Некоторые из высказываний автора весьма афористичны: «…Если разделять умерших, то никогда не примиришься с живыми» (с. 104), «Величие политика измеряется его человечностью, а не его властью» (с. 153). В принципе, далеко не все афоризмы и крылатые слова на самом деле являются научными истинами, и не очень правильно рассматривать их как математические аксиомы. Но за этими словами Михиго очевидно стоят гуманистические убеждения, которые не всегда побеждают, но без которых мир был бы еще хуже.

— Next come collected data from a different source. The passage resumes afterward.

lemma Vdec_affine_Vpol:
  assumes model: "igl_model d0 A Y J" and A1: "assumption1 d0 A Y J Q0 Q1"
    and pol: "policy d0 A \<pi>" and dec: "decoder Y \<psi>"
  shows "Vdec d0 A J \<pi> \<psi> = (\<integral>y. \<psi> y \<partial>Q0) + Vpol d0 A Y J \<pi> * Delta Q0 Q1 \<psi>"
proof -
  interpret d0: prob_space d0 using model by (simp add: igl_model_def)
  define f where "f x = (\<Sum>a\<in>A. \<pi> x a * Rfun J Y x a)" for x
  have "f \<in> borel_measurable d0" unfolding f_def
    using model pol by (intro borel_measurable_sum borel_measurable_times)
      (auto simp: igl_model_def policy_def)
  hence f_int: "integrable d0 f"
    using expected_reward_bounds[OF model pol]
    by (intro d0.integrable_const_bound[where B=1]) (auto simp: f_def)
  have "Vdec d0 A J \<pi> \<psi> = (\<integral>x. (\<integral>y. \<psi> y \<partial>Q0) + Delta Q0 Q1 \<psi> * f x \<partial>d0)"
    unfolding Vdec_def
  proof (intro Bochner_Integration.integral_cong refl)
    fix x assume x: "x \<in> space d0"
    have "(\<Sum>a\<in>A. \<pi> x a * (\<integral>p. \<psi> (snd p) \<partial>J x a))
        = (\<integral>y. \<psi> y \<partial>Q0) * (\<Sum>a\<in>A. \<pi> x a) + Delta Q0 Q1 \<psi> * f x"
      using integral_decoder_affine_Rfun[OF model A1 dec x]
      by (simp add: f_def algebra_simps sum.distrib sum_distrib_left)
    thus "(\<Sum>a\<in>A. \<pi> x a * (\<integral>p. \<psi> (snd p) \<partial>J x a)) = (\<integral>y. \<psi> y \<partial>Q0) + Delta Q0 Q1 \<psi> * f x"
      using pol by (simp add: policy_def)
  qed
  also have "\<dots> = (\<integral>y. \<psi> y \<partial>Q0) + Delta Q0 Q1 \<psi> * (\<integral>x. f x \<partial>d0)"
    using f_int d0.prob_space by simp
  finally show ?thesis by (simp add: Vpol_def f_def[abs_def] mult.commute)
qed

lemma Vdec_excess_eq:
  assumes "igl_model d0 A Y J" "assumption1 d0 A Y J Q0 Q1"
    and "policy d0 A \<pi>" "policy d0 A \<pi>'" "decoder Y \<psi>"
  shows "Vdec d0 A J \<pi> \<psi> - Vdec d0 A J \<pi>' \<psi>
       = (Vpol d0 A Y J \<pi> - Vpol d0 A Y J \<pi>') * Delta Q0 Q1 \<psi>"
  using Vdec_affine_Vpol[OF assms(1,2,3,5)] Vdec_affine_Vpol[OF assms(1,2,4,5)]
  by (simp add: algebra_simps)

text \<open>G and G' are the empirical excesses of the maximiser and of the comparator; by the
  decomposition above their population counterparts are (h - u) dh and (s - u) ds.\<close>

lemma excess_maximiser_bound:
  fixes G G' h s u dh ds e :: real
  assumes G': "G' \<le> G"
    and dev_hat: "\<bar>G - (h - u) * dh\<bar> \<le> e" and dev_star: "\<bar>G' - (s - u) * ds\<bar> \<le> e"
    and margin: "G > u + e"
    and h0: "0 \<le> h" and u0: "0 \<le> u" and dh1: "-1 \<le> dh" and dh_ds: "dh \<le> ds"
  shows "s - 2 * e / ds \<le> h"
proof -
  have prod: "u < (h - u) * dh" using dev_hat margin by linarith
  have hu: "0 < h - u"
  proof (rule ccontr)
    assume "\<not> 0 < h - u"
    hence "(h - u) * dh \<le> u"
      using h0 u0 dh1 mult_left_mono[of "- dh" 1 "u - h"] mult_nonneg_nonpos[of "u - h" "- dh"]
      by (cases "0 \<le> dh") (auto simp: algebra_simps)
    thus False using prod by simp
  qed
  have "0 < dh" using prod u0 hu zero_less_mult_pos[of "h - u" dh] by linarith
  hence ds0: "0 < ds" using dh_ds by simp
  have "(s - u) * ds - 2 * e \<le> (h - u) * dh" using G' dev_hat dev_star by linarith
  also have "\<dots> \<le> (h - u) * ds" using hu dh_ds by (intro mult_left_mono) auto
  finally have "(s - h) * ds \<le> 2 * e" by (simp add: algebra_simps)
  hence "s - h \<le> 2 * e / ds" using ds0 by (simp add: pos_le_divide_eq)
  thus ?thesis by simp
qed

theorem lemma2:
  fixes d0 :: "'x measure" and A :: "'a set" and Y :: "'y measure"
    and J :: "'x \<Rightarrow> 'a \<Rightarrow> (bool \<times> 'y) measure" and Q0 Q1 :: "'y measure"
    and PiC :: "('x \<Rightarrow> 'a \<Rightarrow> real) set" and PsiC :: "('y \<Rightarrow> real) set"
    and D :: "('x \<times> 'a \<times> 'y) list" and \<epsilon> :: real
    and \<pi>hat \<pi>star :: "'x \<Rightarrow> 'a \<Rightarrow> real" and \<psi>hat \<psi>star :: "'y \<Rightarrow> real"
  assumes model: "igl_model d0 A Y J"
    and A1: "assumption1 d0 A Y J Q0 Q1"
    and Pi_fin: "finite PiC" and Pi_pol: "\<forall>\<pi>\<in>PiC. policy d0 A \<pi>"
    and Psi_fin: "finite PsiC" and Psi_dec: "\<forall>\<psi>\<in>PsiC. decoder Y \<psi>"
    and D_data: "set D \<subseteq> space d0 \<times> A \<times> space Y"
    and hat_mem: "\<pi>hat \<in> PiC" "\<psi>hat \<in> PsiC"
    and hat_max: "\<forall>\<pi>\<in>PiC. \<forall>\<psi>\<in>PsiC.
        Vhat A D \<pi> \<psi> - Vhat A D (unif_policy A) \<psi>
          \<le> Vhat A D \<pi>hat \<psi>hat - Vhat A D (unif_policy A) \<psi>hat"
    and star_pi: "\<pi>star \<in> PiC" "\<forall>\<pi>\<in>PiC. Vpol d0 A Y J \<pi> \<le> Vpol d0 A Y J \<pi>star"
    and star_psi: "\<psi>star \<in> PsiC" "\<forall>\<psi>\<in>PsiC. Delta Q0 Q1 \<psi> \<le> Delta Q0 Q1 \<psi>star"
    and eps_nonneg: "0 \<le> \<epsilon>"
    and deviation: "\<forall>\<pi>\<in>PiC. \<forall>\<psi>\<in>PsiC.
        \<bar>(Vhat A D \<pi> \<psi> - Vhat A D (unif_policy A) \<psi>)
          - (Vdec d0 A J \<pi> \<psi> - Vdec d0 A J (unif_policy A) \<psi>)\<bar> \<le> real (card A) * \<epsilon>"
    and cond: "Vhat A D \<pi>hat \<psi>hat - Vhat A D (unif_policy A) \<psi>hat
        > Vpol d0 A Y J (unif_policy A) + real (card A) * \<epsilon>"
  shows "Vpol d0 A Y J \<pi>hat \<ge> Vpol d0 A Y J \<pi>star - 2 * real (card A) * \<epsilon> / Delta Q0 Q1 \<psi>star"
proof -
  have unif: "policy d0 A (unif_policy A)"
    using model policy_unif_policy by (auto simp: igl_model_def)
  have pols: "policy d0 A \<pi>hat" "policy d0 A \<pi>star"
    and decs: "decoder Y \<psi>hat" "decoder Y \<psi>star"
    using Pi_pol Psi_dec hat_mem star_pi(1) star_psi(1) by auto
  have dev_hat: "\<bar>Vhat A D \<pi>hat \<psi>hat - Vhat A D (unif_policy A) \<psi>hat
      - (Vpol d0 A Y J \<pi>hat - Vpol d0 A Y J (unif_policy A)) * Delta Q0 Q1 \<psi>hat\<bar>
      \<le> real (card A) * \<epsilon>"
    unfolding Vdec_excess_eq[OF model A1 pols(1) unif decs(1), symmetric]
    using deviation hat_mem by blast
  have dev_star: "\<bar>Vhat A D \<pi>star \<psi>star - Vhat A D (unif_policy A) \<psi>star
      - (Vpol d0 A Y J \<pi>star - Vpol d0 A Y J (unif_policy A)) * Delta Q0 Q1 \<psi>star\<bar>
      \<le> real (card A) * \<epsilon>"
    unfolding Vdec_excess_eq[OF model A1 pols(2) unif decs(2), symmetric]
    using deviation star_pi(1) star_psi(1) by blast
  have "Vhat A D \<pi>star \<psi>star - Vhat A D (unif_policy A) \<psi>star
      \<le> Vhat A D \<pi>hat \<psi>hat - Vhat A D (unif_policy A) \<psi>hat"
    using hat_max star_pi(1) star_psi(1) by blast
  moreover have "Delta Q0 Q1 \<psi>hat \<le> Delta Q0 Q1 \<psi>star"
    using star_psi(2) hat_mem(2) by blast
  ultimately have "Vpol d0 A Y J \<pi>star - 2 * (real (card A) * \<epsilon>) / Delta Q0 Q1 \<psi>star
      \<le> Vpol d0 A Y J \<pi>hat"
    using excess_maximiser_bound[OF _ dev_hat dev_star cond] Vpol_nonneg[OF model] pols unif
      Delta_ge_minus_one[OF A1 decs(1)] by blast
  thus ?thesis by (simp add: mult.assoc)
qed

end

«В хоре, состоявшем не только из осужденных за геноцид, но и из выживших в геноциде, не было ни хуту, ни тутси, во всяком случае, я убежден, что это действительно так; мы были людьми, претерпевавшими одну муку, которые больше не обвиняли друг друга, но делили между собой одну надежду» (с. 170). Хотелось бы, чтобы ситуация, описанная в данном фрагменте, распространялась не только на тюремный хор в Кигали, но и на всю Руанду, а, в принципе, и на многие другие страны и регионы. У всех есть за что просить прощения и простить: если у каких-то стран объективно не существует причин просить прощения, например, за годы работорговли и рабовладения, это не означает, что у них нет своих темных пятен в истории.

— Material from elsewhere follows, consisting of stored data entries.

lemma infsum_lattice:
  fixes F :: "real ^ 'd \<Rightarrow> 'b::{comm_monoid_add, t2_space}"
  assumes "\<And>y. y \<notin> range embed \<Longrightarrow> F y = 0"
  shows "(\<Sum>\<^sub>\<infinity>y. F y) = (\<Sum>\<^sub>\<infinity>x. F (embed x))"
proof -
  have "(\<Sum>\<^sub>\<infinity>y. F y) = infsum F (range embed)"
    by (rule infsum_cong_neutral) (use assms in auto)
  also have "\<dots> = (\<Sum>\<^sub>\<infinity>x. F (embed x))"
    using infsum_reindex[OF inj_embed] by (simp add: comp_def)
  finally show ?thesis .
qed

lemma infsum_translate:
  fixes f :: "'a::ab_group_add \<Rightarrow> 'b::{comm_monoid_add, t2_space}"
  shows "(\<Sum>\<^sub>\<infinity>y. f (y + c)) = (\<Sum>\<^sub>\<infinity>y. f y)"
  by (rule infsum_reindex_bij_witness[where i = "\<lambda>y. y - c" and j = "\<lambda>y. y + c"]) auto

lemma eigvals_diag_conj_subset:
  fixes A :: "complex ^ 'p ^ 'p"
  assumes "\<And>i. d i \<noteq> 0"
  shows "eigvals A \<subseteq> eigvals (\<chi> i j. d i * A $ i $ j / d j)"
proof
  fix c assume "c \<in> eigvals A"
  then obtain v where "v \<noteq> 0" and v: "A *v v = c *s v"
    by (auto simp: eigvals_def)
  define w where "w = (\<chi> j. d j * v $ j)"
  have "w \<noteq> 0"
    using \<open>v \<noteq> 0\<close> assms by (auto simp: w_def vec_eq_iff)
  moreover have "(\<chi> i j. d i * A $ i $ j / d j) *v w = c *s w"
  proof -
    have "(\<Sum>j\<in>UNIV. d i * A $ i $ j / d j * (d j * v $ j)) = d i * (\<Sum>j\<in>UNIV. A $ i $ j * v $ j)" for i
      using assms by (simp add: sum_distrib_left field_simps)
    with v show ?thesis
      by (simp add: vec_eq_iff matrix_vector_mult_def w_def)
  qed
  ultimately show "c \<in> eigvals (\<chi> i j. d i * A $ i $ j / d j)"
    by (auto simp: eigvals_def)
qed

lemma eigvals_diag_conj:
  fixes A :: "complex ^ 'p ^ 'p"
  assumes "\<And>i. d i \<noteq> 0"
  shows "eigvals (\<chi> i j. d i * A $ i $ j / d j) = eigvals A"
proof
  let ?B = "\<chi> i j. d i * A $ i $ j / d j"
  have "eigvals ?B \<subseteq> eigvals (\<chi> i j. inverse (d i) * ?B $ i $ j / inverse (d j))"
    by (rule eigvals_diag_conj_subset) (use assms in auto)
  also have "(\<chi> i j. inverse (d i) * ?B $ i $ j / inverse (d j)) = A"
    using assms by (simp add: vec_eq_iff field_simps)
  finally show "eigvals ?B \<subseteq> eigvals A" .
qed (rule eigvals_diag_conj_subset[OF assms])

Закончить свой комментарий я бы также хотел словами Кизито Михого, и, как я уже писал выше, все, сказанное им, может относиться не только к Руанде, но и ко всем странам, где существуют проблемы, а поскольку проблемы (хоть и разной степени остроты) есть везде, то просто ко всем странам:

«Я надеюсь всем сердцем, что однажды Руанда станет правовым государством, и журналистские расследования будут проводиться без противодействия, без угроз, без цензуры и без преследований. Где неправительственные организации будут работать без желания понравиться властям. Где активисты по защите прав человека и других прав будут работать без страха быть преследуемыми, без угроз, запугивания и объявления их врагами страны. Где свобода выражения гарантирована, где певец может критиковать правительство и может выражать свое мнение без страха быть похищенным, убитым или заключенным в тюрьму. Страна, где демонстрации против правительства – это фундаментальное право. Я надеюсь, что Руанда станет тем местом, где каждый гражданин будет знать, что человеческая жизнь – это самое священное на свете» (с. 212–213).

А. Ю. Желтов,
Зав. кафедрой африканистики СПбГУ,
доктор филологических наук
Об этой книге

Эта книга – подвиг. Не только ее автора, Кизито Михиго, писавшего ее в тюрьме и передававшего по кускам на волю самыми невероятными путями, но и Рене Мугензи, сподвигшего автора на создание этой книги и собравшего текст воедино.

Автор – руандийский интеллигент, музыкант и поэт, культурный деятель, широко известный в Руанде. Родившись в семье тутси, в возрасте 13 лет он стал свидетелем ужасов геноцида, и всю свою короткую жизнь – он погиб в неполные 40 лет – он посвятил борьбе с его последствиями.